== What you have to do ==
Look through the listing below for the string "containing". Show each line where it occurs.

>>>>

(* Let $\mathcal A\in\mathbb C^{n\times n}$ be nonsingular and positive definite, and suppose $\mathcal A=\mathcal P_1+\mathcal P_2$ with $\mathcal P_1,\mathcal P_2$ positive semidefinite; let $\Sigma$ be Hermitian positive definite. With $\tilde{\mathcal P}_i,\tilde{\mathcal P}_\pm,m_i,\Gamma_{\mathrm{PPS}}$ as in the context, suppose that $\tilde{\mathcal P}_1\tilde{\mathcal P}_2x_\lambda=\tilde{\mathcal P}_2\tilde{\mathcal P}_1x_\lambda$ for all $x_\lambda\in\mathrm{ev}(\tilde{\mathcal P}_+^{-1}\tilde{\mathcal P}_-)$. Then $$\rho(\Gamma_{\mathrm{PPS}})\le\max_{x_\lambda\in\mathrm{ev}(\tilde{\mathcal P}_+^{-1}\tilde{\mathcal P}_-)}\min\{m_1(x_\lambda),m_2(x_\lambda)\}<1.$$
   Context: A matrix $\mathcal P\in\mathbb C^{n\times n}$ is called positive semidefinite if $\mathcal P+\mathcal P^*$ is Hermitian positive semidefinite, and positive definite if $\mathcal P+\mathcal P^*$ is Hermitian positive definite; $\mathcal P$ need not be Hermitian. $\mathcal I$ is the identity, $\|\cdot\|$ the spectral norm, $\rho(\cdot)$ the spectral radius, and $\mathrm{ev}(M)$ the set of all nonzero eigenvectors of a square matrix $M$; $\Sigma^{1/2}$ is the HPD square root of $\Sigma$. $\Gamma_{\mathrm{PPS}}=(\Sigma+\mathcal P_1)^{-1}(\Sigma-\mathcal P_2)(\Sigma+\mathcal P_2)^{-1}(\Sigma-\mathcal P_1)$; $\tilde{\mathcal P}_i=\Sigma^{-1/2}\mathcal P_i\Sigma^{-1/2}$; $\tilde{\mathcal P}_+=(\mathcal I+\tilde{\mathcal P}_2)(\mathcal I+\tilde{\mathcal P}_1)$; $\tilde{\mathcal P}_-=(\mathcal I-\tilde{\mathcal P}_2)(\mathcal I-\tilde{\mathcal P}_1)$. For square $\mathcal P$ with $\mathcal I+\mathcal P$ invertible, $f(\mathcal P)=\|(\mathcal I+\mathcal P)^{-1}(\mathcal I-\mathcal P)\|$. For $i=1,2$ and $x\neq0$, $m_i(x)=f(\tilde{\mathcal P}_{3-i})\sqrt{\dfrac{x^*(\mathcal I+\tilde{\mathcal P}_i^*\tilde{\mathcal P}_i)x-x^*(\tilde{\mathcal P}_i+\tilde{\mathcal P}_i^* )x}{x^*(\mathcal I+\tilde{\mathcal P}_i^*\tilde{\mathcal P}_i)x+x^*(\tilde{\mathcal P}_i+\tilde{\mathcal P}_i^* )x}}$. *)

theory Defs
  imports "HOL-Analysis.Analysis"
begin
(* Let $A,B$ be nonzero ideals of $D$ with $(A+B)^{\ast}=D$. (i) If $I$ is a $\ast$-homog ideal of $D$ and $AB\subseteq I$, then $A\subseteq I$ or $B\subseteq I$. (ii) If $B$ is a $\ast$-homog ideal, then $(AB)^{\ast}D_{M(B)}\cap D=B$.
   Context: $D$ is an integral domain and $\ast$ is a star operation on $D$ of finite character. A $\ast$-ideal is a nonzero fractional ideal $I$ with $I^\ast=I$; it is of finite type if $I=J^\ast$ for some nonzero finitely generated $J$. A maximal $\ast$-ideal is an integral $\ast$-ideal maximal among proper integral $\ast$-ideals. A $\ast$-homog ideal of $D$ is an integral $\ast$-ideal $I$ of finite type with $I\subsetneq D$ such that $(J+L)^{\ast}\neq D$ for every pair $J,L$ of proper integral $\ast$-ideals of finite type containing $I$. Every $\ast$-homog ideal $I$ lies in exactly one maximal $\ast$-ideal, denoted $M(I)$. *)

theory Defs
  imports Main
begin

text \<open>The integral domain D is modelled as a subset of a field type 'k which is
its quotient field (every element of 'k is a quotient of elements of D).
Fractional ideals are subsets of 'k.\<close>

definition subring :: "('k::field) set \<Rightarrow> bool" where
  "subring D \<longleftrightarrow> 0 \<in> D \<and> 1 \<in> D \<and>
     (\<forall>x\<in>D. \<forall>y\<in>D. x + y \<in> D \<and> x - y \<in> D \<and> x * y \<in> D)"

definition domain_with_qf :: "('k::field) set \<Rightarrow> bool" where
  "domain_with_qf D \<longleftrightarrow> subring D \<and>
     (\<forall>x. \<exists>a\<in>D. \<exists>b\<in>D. b \<noteq> 0 \<and> x = a / b)"

definition dmod :: "('k::field) set \<Rightarrow> 'k set \<Rightarrow> bool" where
  "dmod D I \<longleftrightarrow> 0 \<in> I \<and> (\<forall>x\<in>I. \<forall>y\<in>I. x + y \<in> I) \<and> (\<forall>d\<in>D. \<forall>x\<in>I. d * x \<in> I)"

definition frac_ideal :: "('k::field) set \<Rightarrow> 'k set \<Rightarrow> bool" where
  "frac_ideal D I \<longleftrightarrow> dmod D I \<and> I \<noteq> {0} \<and> (\<exists>d\<in>D. d \<noteq> 0 \<and> (\<forall>x\<in>I. d * x \<in> D))"

definition dgen :: "('k::field) set \<Rightarrow> 'k set \<Rightarrow> 'k set" where
  "dgen D S = {\<Sum>i<(n::nat). c i * s i | n c s. \<forall>i<n. c i \<in> D \<and> s i \<in> S}"

definition fg_ideal :: "('k::field) set \<Rightarrow> 'k set \<Rightarrow> bool" where
  "fg_ideal D J \<longleftrightarrow> frac_ideal D J \<and> (\<exists>S. finite S \<and> J = dgen D S)"

definition ideal_sum :: "('k::field) set \<Rightarrow> 'k set \<Rightarrow> 'k set" where
  "ideal_sum I J = {x + y | x y. x \<in> I \<and> y \<in> J}"

definition ideal_prod :: "('k::field) set \<Rightarrow> 'k set \<Rightarrow> 'k set" where
  "ideal_prod I J = {\<Sum>i<(n::nat). f i * g i | n f g. \<forall>i<n. f i \<in> I \<and> g i \<in> J}"

definition star_operation :: "('k::field) set \<Rightarrow> ('k set \<Rightarrow> 'k set) \<Rightarrow> bool" where
  "star_operation D st \<longleftrightarrow>
     (\<forall>I. frac_ideal D I \<longrightarrow> frac_ideal D (st I)) \<and>
     (\<forall>x. x \<noteq> 0 \<longrightarrow> st {d * x | d. d \<in> D} = {d * x | d. d \<in> D}) \<and>
     (\<forall>x I. x \<noteq> 0 \<longrightarrow> frac_ideal D I \<longrightarrow> st ((*) x ` I) = (*) x ` st I) \<and>
     (\<forall>I. frac_ideal D I \<longrightarrow> I \<subseteq> st I) \<and>
     (\<forall>I J. frac_ideal D I \<longrightarrow> frac_ideal D J \<longrightarrow> I \<subseteq> J \<longrightarrow> st I \<subseteq> st J) \<and>
     (\<forall>I. frac_ideal D I \<longrightarrow> st (st I) = st I)"

definition finite_character :: "('k::field) set \<Rightarrow> ('k set \<Rightarrow> 'k set) \<Rightarrow> bool" where
  "finite_character D st \<longleftrightarrow>
     (\<forall>I. frac_ideal D I \<longrightarrow> st I = \<Union>{st J | J. fg_ideal D J \<and> J \<subseteq> I})"

definition star_ideal :: "('k::field) set \<Rightarrow> ('k set \<Rightarrow> 'k set) \<Rightarrow> 'k set \<Rightarrow> bool" where
  "star_ideal D st I \<longleftrightarrow> frac_ideal D I \<and> st I = I"

definition star_fin_type :: "('k::field) set \<Rightarrow> ('k set \<Rightarrow> 'k set) \<Rightarrow> 'k set \<Rightarrow> bool" where
  "star_fin_type D st I \<longleftrightarrow> star_ideal D st I \<and> (\<exists>J. fg_ideal D J \<and> I = st J)"

definition max_star_ideal :: "('k::field) set \<Rightarrow> ('k set \<Rightarrow> 'k set) \<Rightarrow> 'k set \<Rightarrow> bool" where
  "max_star_ideal D st M \<longleftrightarrow> star_ideal D st M \<and> M \<subseteq> D \<and> M \<noteq> D \<and>
     (\<forall>N. star_ideal D st N \<and> N \<subseteq> D \<and> N \<noteq> D \<and> M \<subseteq> N \<longrightarrow> N = M)"

definition star_homog :: "('k::field) set \<Rightarrow> ('k set \<Rightarrow> 'k set) \<Rightarrow> 'k set \<Rightarrow> bool" where
  "star_homog D st I \<longleftrightarrow> star_fin_type D st I \<and> I \<subseteq> D \<and> I \<noteq> D \<and>
     (\<forall>J L. star_fin_type D st J \<and> J \<subseteq> D \<and> J \<noteq> D \<and> I \<subseteq> J \<and>
            star_fin_type D st L \<and> L \<subseteq> D \<and> L \<noteq> D \<and> I \<subseteq> L
            \<longrightarrow> st (ideal_sum J L) \<noteq> D)"

definition M_of :: "('k::field) set \<Rightarrow> ('k set \<Rightarrow> 'k set) \<Rightarrow> 'k set \<Rightarrow> 'k set" where
  "M_of D st I = (THE M. max_star_ideal D st M \<and> I \<subseteq> M)"

definition localization :: "('k::field) set \<Rightarrow> 'k set \<Rightarrow> 'k set" where
  "localization D P = {a / s | a s. a \<in> D \<and> s \<in> D \<and> s \<notin> P}"

end

theory Submission
  imports Defs
begin

text \<open>
  (i) By finite character, \<open>(A + B)\<^sup>* = D\<close> is already witnessed by finitely many elements
  \<open>a\<^sub>i \<in> A\<close>, \<open>b\<^sub>j \<in> B\<close>. Adjoining them to the homogeneous ideal \<open>I\<close> gives \<open>*\<close>-ideals
  \<open>J = (I, a\<^sub>i)\<^sup>*\<close> and \<open>L = (I, b\<^sub>j)\<^sup>*\<close> of finite type with \<open>(J + L)\<^sup>* = D\<close>, so by homogeneity one of
  them, say \<open>J\<close>, equals \<open>D\<close>. Every \<open>b \<in> B\<close> satisfies \<open>b (I, a\<^sub>i) \<subseteq> I\<close>, hence
  \<open>b D = (b (I, a\<^sub>i))\<^sup>* \<subseteq> I\<close>.

  (ii) A maximal \<open>*\<close>-ideal \<open>M\<close> above \<open>B\<close> is prime. For \<open>s \<in> D - M\<close>, finite character
  applied to \<open>(M, s)\<^sup>* = D\<close> yields finitely many \<open>t\<^sub>k \<in> M\<close> such that every ideal containing
  the \<open>t\<^sub>k\<close> and \<open>s\<close> has \<open>*\<close>-closure \<open>D\<close>; homogeneity of \<open>B\<close>, applied to
  \<open>(B, t\<^sub>k)\<^sup>* \<subseteq> M\<close> and \<open>(B, s)\<^sup>*\<close>, forces \<open>(B, s)\<^sup>* = D\<close>. This makes \<open>M\<close> unique, and
  an element \<open>x \<in> (AB)\<^sup>*D\<^sub>M \<inter> D\<close> has \<open>s x \<in> B\<close> for some \<open>s \<notin> M\<close>, so \<open>x (B, s) \<subseteq> B\<close> and
  \<open>x \<in> B\<close> as in (i). Conversely \<open>b = (a b) a\<^sup>-\<^sup>1\<close> for any \<open>a \<in> A - M\<close>.
\<close>

inductive_set finsums :: "'a::monoid_add set \<Rightarrow> 'a set" for S where
  finsums_zero: "0 \<in> finsums S"
| finsums_add: "x \<in> S \<Longrightarrow> y \<in> finsums S \<Longrightarrow> x + y \<in> finsums S"

definition elem_prods :: "'a::times set \<Rightarrow> 'a set \<Rightarrow> 'a set" where
  "elem_prods A B = {a * b | a b. a \<in> A \<and> b \<in> B}"

lemma finsums_least:
  assumes "0 \<in> T" "\<And>x y. x \<in> S \<Longrightarrow> y \<in> T \<Longrightarrow> x + y \<in> T"
  shows "finsums S \<subseteq> T"
proof
  fix z assume "z \<in> finsums S" then show "z \<in> T" by induction (auto intro: assms)
qed

lemma finsums_base: "S \<subseteq> finsums S"
  using finsums_add[OF _ finsums_zero] by force

lemma finsums_mono: "S \<subseteq> S' \<Longrightarrow> finsums S \<subseteq> finsums S'"
  by (rule finsums_least) (auto intro: finsums.intros)

lemma finsums_add_closed: "x \<in> finsums S \<Longrightarrow> y \<in> finsums S \<Longrightarrow> x + y \<in> finsums S"
  by (induction x rule: finsums.induct) (auto simp: add.assoc intro: finsums.intros)

lemma finsums_mult:
  fixes d :: "'a::semiring_0"
  assumes "\<And>x. x \<in> S \<Longrightarrow> d * x \<in> S" "x \<in> finsums S"
  shows "d * x \<in> finsums S"
  using assms(2) by induction (auto simp: distrib_left intro: finsums.intros assms(1))

lemma elem_prods_mono: "A \<subseteq> A' \<Longrightarrow> B \<subseteq> B' \<Longrightarrow> elem_prods A B \<subseteq> elem_prods A' B'"
  unfolding elem_prods_def by blast

lemma sums_of_prods_eq_finsums:
  fixes A B :: "'a::semiring_0 set"
  shows "{\<Sum>i<(n::nat). f i * g i | n f g. \<forall>i<n. f i \<in> A \<and> g i \<in> B} = finsums (elem_prods A B)"
proof
  show "{\<Sum>i<(n::nat). f i * g i | n f g. \<forall>i<n. f i \<in> A \<and> g i \<in> B} \<subseteq> finsums (elem_prods A B)"
  proof clarify
    fix n and f g :: "nat \<Rightarrow> 'a"
    show "\<forall>i<n. f i \<in> A \<and> g i \<in> B \<Longrightarrow> (\<Sum>i<n. f i * g i) \<in> finsums (elem_prods A B)"
    proof (induction n)
      case 0 then show ?case by (simp add: finsums_zero)
    next
      case (Suc n)
      then have "f n * g n \<in> elem_prods A B" by (auto simp: elem_prods_def)
      with Suc show ?case by (simp add: add.commute finsums_add)
    qed
  qed
next
  show "finsums (elem_prods A B) \<subseteq> {\<Sum>i<(n::nat). f i * g i | n f g. \<forall>i<n. f i \<in> A \<and> g i \<in> B}"
  proof (rule finsums_least)
    show "0 \<in> {\<Sum>i<(n::nat). f i * g i | n f g. \<forall>i<n. f i \<in> A \<and> g i \<in> B}"
      by (rule CollectI, rule exI[of _ 0]) auto
  next
    fix x y
    assume "x \<in> elem_prods A B" "y \<in> {\<Sum>i<(n::nat). f i * g i | n f g. \<forall>i<n. f i \<in> A \<and> g i \<in> B}"
    then obtain a b m f g where ab: "a \<in> A" "b \<in> B" "x = a * b"
      and y: "y = (\<Sum>i<(m::nat). f i * g i)" "\<forall>i<m. f i \<in> A \<and> g i \<in> B"
      unfolding elem_prods_def by blast
    have "(\<Sum>i<m. (f(m:=a)) i * (g(m:=b)) i) = (\<Sum>i<m. f i * g i)" by (rule sum.cong) auto
    then have "x + y = (\<Sum>i<Suc m. (f(m:=a)) i * (g(m:=b)) i)"
      using ab y by (simp add: add.commute)
    moreover have "\<forall>i<Suc m. (f(m:=a)) i \<in> A \<and> (g(m:=b)) i \<in> B" using y(2) ab by auto
    ultimately show "x + y \<in> {\<Sum>i<(n::nat). f i * g i | n f g. \<forall>i<n. f i \<in> A \<and> g i \<in> B}"
      by blast
  qed
qed

lemma ideal_prod_eq_finsums: "ideal_prod A B = finsums (elem_prods A B)"
  unfolding ideal_prod_def by (rule sums_of_prods_eq_finsums)

lemma mult_mem_ideal_prod:
  assumes "a \<in> A" "b \<in> B"
  shows "a * b \<in> ideal_prod A B"
proof -
  have "a * b \<in> elem_prods A B" unfolding elem_prods_def using assms by blast
  then show ?thesis unfolding ideal_prod_eq_finsums using finsums_base[of "elem_prods A B"] by blast
qed

locale star_domain =
  fixes D :: "'k::field set" and st :: "'k set \<Rightarrow> 'k set"
  assumes domain: "domain_with_qf D"
    and star: "star_operation D st"
    and finite_char: "finite_character D st"
begin

lemma D_zero: "0 \<in> D" and D_one: "1 \<in> D"
  and D_add: "x \<in> D \<Longrightarrow> y \<in> D \<Longrightarrow> x + y \<in> D"
  and D_mult: "x \<in> D \<Longrightarrow> y \<in> D \<Longrightarrow> x * y \<in> D"
  using domain unfolding domain_with_qf_def subring_def by blast+

lemma dmodD:
  assumes "dmod D N"
  shows "0 \<in> N" "x \<in> N \<Longrightarrow> y \<in> N \<Longrightarrow> x + y \<in> N" "d \<in> D \<Longrightarrow> x \<in> N \<Longrightarrow> d * x \<in> N"
  using assms unfolding dmod_def by blast+

lemma dmod_D: "dmod D D"
  unfolding dmod_def using D_zero D_add D_mult by blast
(* Let $N\ge 4$ be even and let $P_1,\dots,P_N$ be an $N$-periodic billiard trajectory in $E$, with outer polygon $P_1',\dots,P_N'$. For $j=1,2$ let $\bar Q'_{j,i}$ be the foot of the perpendicular from $f_j$ to the line $P_i'P_{i+1}'$, and let $\bar A_j'$ be the signed area of the polygon $\bar Q'_{j,1},\dots,\bar Q'_{j,N}$. Then $\bar A_1'=\bar A_2'$, i.e. $\bar A_1'/\bar A_2'=1$.
   Context: Let $E$ be the ellipse $x^2/a^2+y^2/b^2=1$ with $a>b>0$, center $O=(0,0)$ and foci $f_1=(-\sqrt{a^2-b^2},0)$, $f_2=(\sqrt{a^2-b^2},0)$. An $N$-periodic billiard trajectory is a convex polygon with vertices $P_1,\dots,P_N\in E$ (indices mod $N$), listed counterclockwise and winding once around $O$, with $P_i\neq P_{i+1}$, such that at every vertex $P_i$ the normal line to $E$ at $P_i$ bisects the angle $\angle P_{i-1}P_iP_{i+1}$, and all of whose sides are tangent to a common ellipse confocal with $E$. Its outer polygon has vertices $P_i'$ = intersection of the tangent lines to $E$ at $P_i$ and at $P_{i+1}$. The signed area of a polygon with vertices $W_i=(x_i,y_i)$, $i=1,\dots,N$ (indices mod $N$), is $S=\tfrac12\sum_{i=1}^N (x_iy_{i+1}-x_{i+1}y_i)$. *)

theory Defs
  imports "HOL-Analysis.Analysis"
begin
(* Let $n>2k$, $k\ge t+3$, and let $\mathcal F\subseteq\binom{[n]}{k}$ be a maximal $t$-intersecting family with $\tau_t(\mathcal F)=t+2$. Suppose there is $T\in\binom{[n]}{t}$ contained in every member of $\mathcal T_t(\mathcal F)$. Then $$|\mathcal T_t(\mathcal F)|\le (k-t)(k-t+1)+1.$$ Moreover, if equality holds, then $\mathcal F\setminus\mathcal F_T=\{G_1,G_2,G_3\}$ with $G_1=A\cup B$, $G_2=A\cup C$, $G_3=(T\cap A)\cup B\cup\{u\}$, where $u\in C$ and $A,B,C$ are pairwise disjoint subsets of $[n]$ with $|A|=t$, $|B|=|C|=k-t$, $|T\cap A|=t-1$ and $T\cap(B\cup C)=\emptyset$.
   Context: A family is $t$-intersecting if any two members meet in at least $t$ elements. A $t$-cover of a family $\mathcal F$ is a set $S\subseteq[n]$ with $|S\cap F|\ge t$ for all $F\in\mathcal F$; $\tau_t(\mathcal F)$ is the minimum size of a $t$-cover, and $\mathcal T_t(\mathcal F)$ denotes the set of all $t$-covers of $\mathcal F$ of size $\tau_t(\mathcal F)$. A $t$-intersecting family $\mathcal F\subseteq\binom{[n]}{k}$ is maximal if no $t$-intersecting subfamily of $\binom{[n]}{k}$ properly contains it. For $A\subseteq[n]$, $\mathcal F_A=\{F\in\mathcal F: A\subseteq F\}$. *)

theory Defs
  imports Main
begin

definition k_subsets :: "nat \<Rightarrow> nat \<Rightarrow> nat set set" where
  "k_subsets n k = {F. F \<subseteq> {1..n} \<and> card F = k}"

definition t_intersecting :: "nat \<Rightarrow> nat set set \<Rightarrow> bool" where
  "t_intersecting t \<F> \<longleftrightarrow> (\<forall>A\<in>\<F>. \<forall>B\<in>\<F>. t \<le> card (A \<inter> B))"

definition t_cover :: "nat \<Rightarrow> nat \<Rightarrow> nat set set \<Rightarrow> nat set \<Rightarrow> bool" where
  "t_cover n t \<F> S \<longleftrightarrow> S \<subseteq> {1..n} \<and> (\<forall>F\<in>\<F>. t \<le> card (S \<inter> F))"

definition tau :: "nat \<Rightarrow> nat \<Rightarrow> nat set set \<Rightarrow> nat" where
  "tau n t \<F> = (LEAST s. \<exists>S. t_cover n t \<F> S \<and> card S = s)"

definition min_covers :: "nat \<Rightarrow> nat \<Rightarrow> nat set set \<Rightarrow> nat set set" where
  "min_covers n t \<F> = {S. t_cover n t \<F> S \<and> card S = tau n t \<F>}"

definition maximal_t_intersecting :: "nat \<Rightarrow> nat \<Rightarrow> nat \<Rightarrow> nat set set \<Rightarrow> bool" where
  "maximal_t_intersecting n k t \<F> \<longleftrightarrow>
     \<F> \<subseteq> k_subsets n k \<and> t_intersecting t \<F> \<and>
     (\<forall>\<G>. \<F> \<subset> \<G> \<and> \<G> \<subseteq> k_subsets n k \<longrightarrow> \<not> t_intersecting t \<G>)"

definition star :: "nat set set \<Rightarrow> nat set \<Rightarrow> nat set set" where
  "star \<F> A = {F \<in> \<F>. A \<subseteq> F}"

end

theory Submission
  imports Defs
begin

<<<<

== Output for this task ==
   Context: $D$ is an integral domain and $\ast$ is a star operation on $D$ of finite character. A $\ast$-ideal is a nonzero fractional ideal $I$ with $I^\ast=I$; it is of finite type if $I=J^\ast$ for some nonzero finitely generated $J$. A maximal $\ast$-ideal is an integral $\ast$-ideal maximal among proper integral $\ast$-ideals. A $\ast$-homog ideal of $D$ is an integral $\ast$-ideal $I$ of finite type with $I\subsetneq D$ such that $(J+L)^{\ast}\neq D$ for every pair $J,L$ of proper integral $\ast$-ideals of finite type containing $I$. Every $\ast$-homog ideal $I$ lies in exactly one maximal $\ast$-ideal, denoted $M(I)$. *)
  applied to \<open>(M, s)\<^sup>* = D\<close> yields finitely many \<open>t\<^sub>k \<in> M\<close> such that every ideal containing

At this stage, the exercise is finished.